Note: By using Github's Blocking or Blocked By relationships in projects, you can create a fairly effective DAG (Directed Acyclic Graph), which is nothing more than a roadmap of how tasks should be handled. If issue #22 is blocked by issue #12, Beto-Bot will now pick up issue #12 first, and wont pickup #22 until #12 is fully merged and therefor completed.

🧠 Going Fully Local: Integrating Qwen 3 Coder with Ollama

Moving away from cloud-dependent APIs like Gemini doesn't just mean a drop in token costs—it gives you absolute privacy and control over your development pipeline. To make Beto-Bot completely self-hosted, I integrated a custom, fine-tuned Qwen 3 Coder (30B) model running directly on my local hardware station via Ollama.

By combining the raw power of a 30B parameter model with a highly structured Modelfile, Beto-Bot's CodingAgent transitions seamlessly from a remote cloud asset to an independent, heavy-duty local agent station.

The Blueprint: Crafting the Modelfile

To give the local model the exact behavioral boundaries, architectural bias, and technical focus required to execute automated tasks safely, I provisioned it with a custom Modelfile configuration:

FROM qwen3-coder:30b
 
# --- Runtime Engine Parameters ---
PARAMETER num_ctx 16384
PARAMETER temperature 0.1
PARAMETER repeat_penalty 1.05
PARAMETER top_k 20
PARAMETER top_p 0.9
 
# --- Core Behavioral Conditioning ---
SYSTEM """
You are 'Beto-Bot', a Senior Software Expert.
Your expertise is in Java, Spring Boot, Angular and Hexagonal Architecture.
Always prioritize clean code, SOLID principles, and decoupled business logic.
Technology stack: Java 24, Spring Boot, Maven, JUnit 5, Mockito, pgvector.
Never use placeholders. Always complete all steps of a task including moving it when done.
"""
 

Tuning for Agentic Precision

When running an agent locally, standard creative text-generation parameters will break the execution pipeline. The configuration keys above are explicitly balanced for raw logical consistency:

  • Context Capacity (num_ctx 16384): Crucial for code RAG patterns. A 16k context window gives the model ample room to consume the similarity search results pushed from our pgvector index along with the incoming issue description without truncating critical file syntax.
  • Zeroed Temperature (temperature 0.1): Drops creativity to near-zero. We don't want the model improvising new API design styles, we want hyper-deterministic, predictable code modifications that adhere to our existing database patterns.
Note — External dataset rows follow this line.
lemma flags_through_eq:
  assumes "max_coclique n \<F>" "0 < n" "vec.subspace A" "vec.dim A = n"
  shows "{F\<in>\<F>. fst F = A} = Pair A ` covers_within A (flag_bound \<F> A)"
proof -
  have coclique: "coclique n \<F>"
    using assms(1) by (simp add: max_coclique_def)
  have "(A, B) \<in> \<F> \<longleftrightarrow> B \<in> covers_within A (flag_bound \<F> A)" for B
  proof
    assume "(A, B) \<in> \<F>"
    then show "B \<in> covers_within A (flag_bound \<F> A)"
      using coclique_memD(1)[OF coclique] coclique_flag_subset_flag_bound[OF coclique assms(2)] assms(4)
      by (auto simp: covers_within_def is_flag_iff[OF assms(2)])
  next
    assume "B \<in> covers_within A (flag_bound \<F> A)"
    then show "(A, B) \<in> \<F>"
      using assms(3,4) by (intro max_coclique_flag_memI[OF assms(1,2)])
        (auto simp: covers_within_def is_flag_iff[OF assms(2)])
  qed
  then show ?thesis
    by force
qed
Note: For models with reasoning, you can actually benefit from a higher temperature (1.1 - 1.4)

  • Strict Penalty Constraints (repeat_penalty 1.05): Prevents local code-generation models from falling into infinite loops or repeating identical blocks of code when generating large, complex class files.

Configuration Topology: Dual-Profile Spring Setup

To support this local layout smoothly beside the legacy cloud configurations, the codebase utilizes two separate application profile descriptors: application.yml (the base local profile targeting the internal Ollama instance) and application-google.yml (the cloud profile fallback).
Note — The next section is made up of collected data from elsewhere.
text \<open>
  Order the vertices in postorder: descendants before their ancestors, and vertices in
  a left subtree before those in a right subtree. The level function of \<open>Inc(T)\<close> is
  strictly increasing along this total order, and so is any level function satisfying
  the criterion: two branchings whose vertices are not on a common path are compared by
  the branching order exactly as their vertices are compared by postorder, and every
  vertex carries a branching, so the criterion applies to all such pairs of vertices.
  A strictly increasing surjection of a finite totally ordered set onto \<open>{1..k}\<close> is the
  rank function, so both level functions coincide.
\<close>

lemma vertices_Eps [simp]: "vertices Eps = {}"
  by (auto simp: vertices_def elim: subtree.elims)

lemma Nil_in_vertices_Node [simp]: "[] \<in> vertices (Node ts)"
  by (auto simp: vertices_def)

lemma Cons_in_vertices_Node [simp]:
  "i # v \<in> vertices (Node ts) \<longleftrightarrow> i < length ts \<and> v \<in> vertices (ts ! i)"
  by (auto simp: vertices_def)

lemma vertices_append_prefix: "v @ u \<in> vertices T \<Longrightarrow> v \<in> vertices T"
proof (induction v arbitrary: T)
  case Nil
  then show ?case by (cases T; cases u) auto
next
  case (Cons a v)
  then show ?case by (cases T) auto
qed

lemma vertices_Node:
  "vertices (Node ts) = insert [] (\<Union>i<length ts. (#) i ` vertices (ts ! i))"
proof (rule set_eqI)
  fix v
  show "v \<in> vertices (Node ts) \<longleftrightarrow> v \<in> insert [] (\<Union>i<length ts. (#) i ` vertices (ts ! i))"
    by (cases v) auto
qed

lemma finite_vertices_card_eq_nlev: "finite (vertices T) \<and> card (vertices T) = nlev T"
proof (induction T)
  case Eps
  then show ?case by simp
next
  case (Node ts)
  let ?V = "\<lambda>i. (#) i ` vertices (ts ! i)"
  have finite_V: "finite (?V i)" and card_V: "card (?V i) = nlev (ts ! i)"
    if "i < length ts" for i
    using Node.IH[of "ts ! i"] that by (auto simp: card_image)
  have "card (\<Union>i<length ts. ?V i) = (\<Sum>i<length ts. card (?V i))"
    by (rule card_UN_disjoint) (auto simp: finite_V)
  also have "\<dots> = sum_list (map nlev ts)"
    by (simp add: card_V sum_list_sum_nth atLeast0LessThan)
  moreover have "[] \<notin> (\<Union>i<length ts. ?V i)"
    by blast
  ultimately show ?case
    using finite_V by (simp add: vertices_Node)
qed

fun left_addr :: "nat list \<Rightarrow> nat list \<Rightarrow> bool" where
  "left_addr (a # v) (b # w) = (a < b \<or> (a = b \<and> left_addr v w))"
| "left_addr _ _ = False"

lemma on_common_path_or_left_addr:
  "on_common_path v w \<or> left_addr v w \<or> left_addr w v"
proof (induction v arbitrary: w)
  case Nil
  then show ?case by (simp add: on_common_path_def)
next
  case (Cons a v)
  then show ?case
    by (cases w) (auto simp: on_common_path_def linorder_neq_iff)
qed

lemma left_addr_append_prefix: "\<not> left_addr v (v @ u)" "\<not> left_addr (v @ u) v"
  by (induction v) auto

lemma left_addr_imp_not_on_common_path: "left_addr v w \<Longrightarrow> \<not> on_common_path v w"
  unfolding on_common_path_def using left_addr_append_prefix by blast

definition postorder_less :: "nat list \<Rightarrow> nat list \<Rightarrow> bool" where
  "postorder_less w v \<longleftrightarrow> (\<exists>u. u \<noteq> [] \<and> w = v @ u) \<or> left_addr w v"

lemma postorder_less_total: "w \<noteq> v \<Longrightarrow> postorder_less w v \<or> postorder_less v w"
  using on_common_path_or_left_addr[of w v]
  unfolding postorder_less_def on_common_path_def by force

lemma rank_eq_card:
  fixes f :: "'a \<Rightarrow> nat"
  assumes total: "\<And>x y. x \<in> V \<Longrightarrow> y \<in> V \<Longrightarrow> x \<noteq> y \<Longrightarrow> R x y \<or> R y x"
    and mono: "\<And>x y. x \<in> V \<Longrightarrow> y \<in> V \<Longrightarrow> R x y \<Longrightarrow> f x < f y"
    and onto: "f ` V = {1..k}" and x: "x \<in> V"
  shows "f x = card {y \<in> V. y = x \<or> R y x}"
proof -
  have inj: "inj_on f V"
    by (rule inj_onI) (metis total mono less_irrefl)
  have "{y \<in> V. y = x \<or> R y x} = {y \<in> V. f y \<le> f x}"
    using total x mono by (metis (lifting) le_eq_less_or_eq not_less)
  moreover have "f ` {y \<in> V. f y \<le> f x} = {1..f x}"
  proof
    show "f ` {y \<in> V. f y \<le> f x} \<subseteq> {1..f x}"
      using onto by auto
    show "{1..f x} \<subseteq> f ` {y \<in> V. f y \<le> f x}"
    proof
      fix n
      assume "n \<in> {1..f x}"
      moreover have "f x \<le> k"
        using onto x by auto
      ultimately have "n \<in> f ` V"
        using onto by auto
      then show "n \<in> f ` {y \<in> V. f y \<le> f x}"
        using \<open>n \<in> {1..f x}\<close> by auto
    qed
  qed
  moreover have "inj_on f {y \<in> V. f y \<le> f x}"
    using inj by (rule inj_on_subset) auto
  ultimately show ?thesis
    by (metis card_image card_atLeastAtMost diff_Suc_1)
qed

lemma set_branchings_from:
  "b \<in> set (branchings_from i ts) \<longleftrightarrow>
     (\<exists>k<length ts. (b = ([], i + k) \<and> i + k \<noteq> 0) \<or>
        (\<exists>v j. b = ((i + k) # v, j) \<and> (v, j) \<in> set (branchings (ts ! k))))"
proof (induction ts arbitrary: i)
  case Nil
  then show ?case by simp
next
  case (Cons t ts)
  show ?case
    unfolding Ex_less_Suc2 length_Cons by (auto simp: Cons.IH)
qed

lemma branching_vertex_in_vertices: "b \<in> set (branchings T) \<Longrightarrow> fst b \<in> vertices T"
proof (induction T arbitrary: b)
  case Eps
  then show ?case by simp
next
  case (Node ts)
  then show ?case by (force simp: set_branchings_from)
qed

lemma first_branching_in_branchings:
  "wf_tree T \<Longrightarrow> v \<in> vertices T \<Longrightarrow> (v, 1) \<in> set (branchings T)"
proof (induction T arbitrary: v)
  case Eps
  then show ?case by simp
next
  case (Node ts)
  then show ?case
    by (cases v) (auto simp: set_branchings_from intro!: exI[of _ 1])
qed

lemma sorted_wrt_branchings:
  "sorted_wrt (\<lambda>b b'. \<not> left_addr (fst b') (fst b)) (branchings T)"
  "sorted_wrt (\<lambda>b b'. \<not> left_addr (fst b') (fst b)) (branchings_from i ts)"
  by (induction T and i ts rule: branchings_branchings_from.induct)
    (auto simp: sorted_wrt_append sorted_wrt_map set_branchings_from case_prod_unfold)

lemma left_of_iff_left_addr:
  assumes "b \<in> set (branchings T)" "b' \<in> set (branchings T)"
    and "\<not> on_common_path (fst b) (fst b')"
  shows "left_of T b b' \<longleftrightarrow> left_addr (fst b) (fst b')"
proof
  assume "left_of T b b'"
  then have "\<not> left_addr (fst b') (fst b)"
    using sorted_wrt_branchings(1)[of T] by (auto simp: left_of_def sorted_wrt_iff_nth_less)
  then show "left_addr (fst b) (fst b')"
    using on_common_path_or_left_addr assms(3) by blast
next
  assume left: "left_addr (fst b) (fst b')"
  obtain i j where "i < length (branchings T)" "branchings T ! i = b"
    "j < length (branchings T)" "branchings T ! j = b'"
    using assms(1,2) by (auto simp: in_set_conv_nth)
  moreover have "\<not> j \<le> i"
    using calculation sorted_wrt_branchings(1)[of T] left left_addr_append_prefix(1)[of "fst b" "[]"]
    by (auto simp: sorted_wrt_iff_nth_less le_less)
  ultimately show "left_of T b b'"
    unfolding left_of_def not_le by blast
qed

abbreviation levels_before :: "tree list \<Rightarrow> nat \<Rightarrow> nat" where
  "levels_before ts i \<equiv> sum_list (map nlev (take i ts))"

lemma levels_before_Suc:
  "i < length ts \<Longrightarrow> levels_before ts (Suc i) = levels_before ts i + nlev (ts ! i)"
  by (simp add: take_Suc_conv_app_nth)

lemma levels_before_mono: "i \<le> j \<Longrightarrow> levels_before ts i \<le> levels_before ts j"
  by (metis le_add_diff_inverse map_append sum_list_append take_add le_add1)

lemma levels_before_le: "levels_before ts i \<le> sum_list (map nlev ts)"
  by (metis append_take_drop_id map_append sum_list_append le_add1)

lemma inc_bounds: "v \<in> vertices T \<Longrightarrow> 1 \<le> inc T v \<and> inc T v \<le> nlev T"
proof (induction T arbitrary: v)
  case Eps
  then show ?case by simp
next
  case (Node ts)
  show ?case
  proof (cases v)
    case (Cons a r)
    then have a: "a < length ts" "r \<in> vertices (ts ! a)"
      using Node.prems by auto
    then have "1 \<le> inc (ts ! a) r \<and> inc (ts ! a) r \<le> nlev (ts ! a)"
      using Node.IH by simp
    then show ?thesis
      using Cons a levels_before_Suc[of a ts] levels_before_le[of "Suc a" ts] by auto
  qed simp
qed

lemma inc_descendant_less: "v @ u \<in> vertices T \<Longrightarrow> u \<noteq> [] \<Longrightarrow> inc T (v @ u) < inc T v"
proof (induction v arbitrary: T)
  case Nil
  then obtain ts i r where "T = Node ts" "u = i # r" "i < length ts" "r \<in> vertices (ts ! i)"
    by (cases T; cases u) auto
  then show ?case
    using inc_bounds[of r "ts ! i"] levels_before_Suc[of i ts] levels_before_le[of "Suc i" ts]
    by auto
next
  case (Cons a v)
  then show ?case by (cases T) auto
qed

lemma inc_left_addr_less:
  "v \<in> vertices T \<Longrightarrow> w \<in> vertices T \<Longrightarrow> left_addr v w \<Longrightarrow> inc T v < inc T w"
proof (induction v arbitrary: w T)
  case Nil
  then show ?case by simp
next
  case (Cons a v)
  then obtain ts b w' where T: "T = Node ts" and w: "w = b # w'"
    and a: "a < length ts" "v \<in> vertices (ts ! a)" and b: "b < length ts" "w' \<in> vertices (ts ! b)"
    by (cases T; cases w) auto
  show ?case
  proof (cases "a < b")
    case True
    then have "levels_before ts (Suc a) \<le> levels_before ts b"
      by (intro levels_before_mono) simp
    then show ?thesis
      using T w inc_bounds[OF a(2)] inc_bounds[OF b(2)] levels_before_Suc[OF a(1)] by auto
  next
    case False
    then show ?thesis
      using Cons T w a b by auto
  qed
qed

lemma inc_postorder_less:
  "w \<in> vertices T \<Longrightarrow> v \<in> vertices T \<Longrightarrow> postorder_less w v \<Longrightarrow> inc T w < inc T v"
  unfolding postorder_less_def using inc_descendant_less inc_left_addr_less by blast

lemma inc_image_vertices: "inc T ` vertices T = {1..nlev T}"
proof -
  have "inj_on (inc T) (vertices T)"
    by (rule inj_onI) (metis inc_postorder_less postorder_less_total less_irrefl)
  then have "card (inc T ` vertices T) = card {1..nlev T}"
    using card_image finite_vertices_card_eq_nlev by (metis card_atLeastAtMost diff_Suc_1)
  moreover have "inc T ` vertices T \<subseteq> {1..nlev T}"
    using inc_bounds by auto
  ultimately show ?thesis
    using card_subset_eq by (metis finite_atLeastAtMost)
qed

lemma increasing_descendant_less:
  assumes "increasing T lam"
  shows "v @ u \<in> vertices T \<Longrightarrow> u \<noteq> [] \<Longrightarrow> lam (v @ u) < lam v"
proof (induction u rule: rev_induct)
  case Nil
  then show ?case by simp
next
  case (snoc x u)
  then have "v @ u \<in> vertices T"
    using vertices_append_prefix[of "v @ u" "[x]"] by simp
  moreover have "lam (v @ u @ [x]) < lam (v @ u)"
    using assms snoc.prems calculation unfolding increasing_def by (metis append_assoc)
  ultimately show ?case
    using snoc.IH by (cases "u = []") auto
qed

lemma left_increasing_left_of_less:
  assumes "left_increasing T lam"
    and "b \<in> set (branchings T)" "b' \<in> set (branchings T)"
    and "left_of T b b'" "\<not> on_common_path (fst b) (fst b')"
  shows "lam (fst b) < lam (fst b')"
proof -
  have "inc T (fst b) < inc T (fst b')"
    using assms(2-) left_of_iff_left_addr inc_left_addr_less branching_vertex_in_vertices by blast
  then show ?thesis
    using assms(1-3) branching_vertex_in_vertices unfolding left_increasing_def by simp
qed

lemma postorder_mono_if_left_of_mono:
  assumes "wf_tree T" "increasing T lam"
    and left_of_less: "\<And>b b'. b \<in> set (branchings T) \<Longrightarrow> b' \<in> set (branchings T) \<Longrightarrow>
      left_of T b b' \<Longrightarrow> \<not> on_common_path (fst b) (fst b') \<Longrightarrow> lam (fst b) < lam (fst b')"
    and "w \<in> vertices T" "v \<in> vertices T" "postorder_less w v"
  shows "lam w < lam v"
proof (cases "left_addr w v")
  case True
  have "(w, 1) \<in> set (branchings T)" "(v, 1) \<in> set (branchings T)"
    using first_branching_in_branchings assms(1,4,5) by auto
  moreover have "\<not> on_common_path w v"
    using left_addr_imp_not_on_common_path True .
  moreover from calculation have "left_of T (w, 1) (v, 1)"
    using left_of_iff_left_addr True by fastforce
  ultimately show ?thesis
    using left_of_less by fastforce
next
  case False
  then show ?thesis
    using assms(2,4,6) increasing_descendant_less unfolding postorder_less_def by blast
qed

lemma left_increasing_if_postorder_mono:
  assumes "increasing T lam"
    and "\<And>w v. w \<in> vertices T \<Longrightarrow> v \<in> vertices T \<Longrightarrow> postorder_less w v \<Longrightarrow> lam w < lam v"
  shows "left_increasing T lam"
  unfolding left_increasing_def
proof
  fix v
  assume v: "v \<in> vertices T"
  obtain k where lam_onto: "lam ` vertices T = {1..k}"
    using assms(1) unfolding increasing_def by blast
  have "lam v = card {w \<in> vertices T. w = v \<or> postorder_less w v}"
    by (rule rank_eq_card[where R = postorder_less, OF _ assms(2) lam_onto v])
      (simp add: postorder_less_total)
  also have "\<dots> = inc T v"
    by (rule rank_eq_card[where R = postorder_less, OF _ inc_postorder_less inc_image_vertices v,
          symmetric]) (simp add: postorder_less_total)
  finally show "lam v = inc T v" .
qed

theorem lemma4p6:
  fixes T :: tree and lam :: "nat list \<Rightarrow> nat"
  assumes "wf_tree T" and "increasing T lam"
  shows "left_increasing T lam \<longleftrightarrow>
    (\<forall>b b'. b \<in> set (branchings T) \<and> b' \<in> set (branchings T) \<and> left_of T b b'
       \<and> \<not> on_common_path (fst b) (fst b') \<longrightarrow> lam (fst b) < lam (fst b'))"
  (is "_ \<longleftrightarrow> ?left_of_mono")
proof
  assume "left_increasing T lam"
  then show ?left_of_mono
    using left_increasing_left_of_less by blast
next
  assume ?left_of_mono
  then show "left_increasing T lam"
    using assms postorder_mono_if_left_of_mono[OF assms]
    by (intro left_increasing_if_postorder_mono) blast+
qed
When running locally, application.yml maps your active model environments and embedding models natively:

spring:
  ai:
    ollama:
      base-url: http://192.168.220.192:11434  # Dedicated local LLM station address
      chat:
        num-ctx: 16384
      embedding:
        options:
          model: embeddinggemma
 

By pairing this environment configuration with our orchestrator and a concurrency semaphore limit, the local hardware handles multiple heavy coding agent assignments sequentially without crashing or running out of memory. The agent acts with identical authority—reading files, processing RAG inputs, changing source lines via MCP, and opening pull requests completely on-premise.


🎯 What's next?

First thing to modify would be to make the task retrieval also reactive instead of polling. So implementing a webhook to send an event each time an issue enters a certain column. With the foundational authentication and RAG synchronization architectures securely in place, the next phase of development will probably focus on implementing internal unit-test validation loops. We will be granting the CodingAgent the capability to run maven verification tasks locally within its tool cycle, allowing the agent to analyze error logs and refactor its code before opening a PR.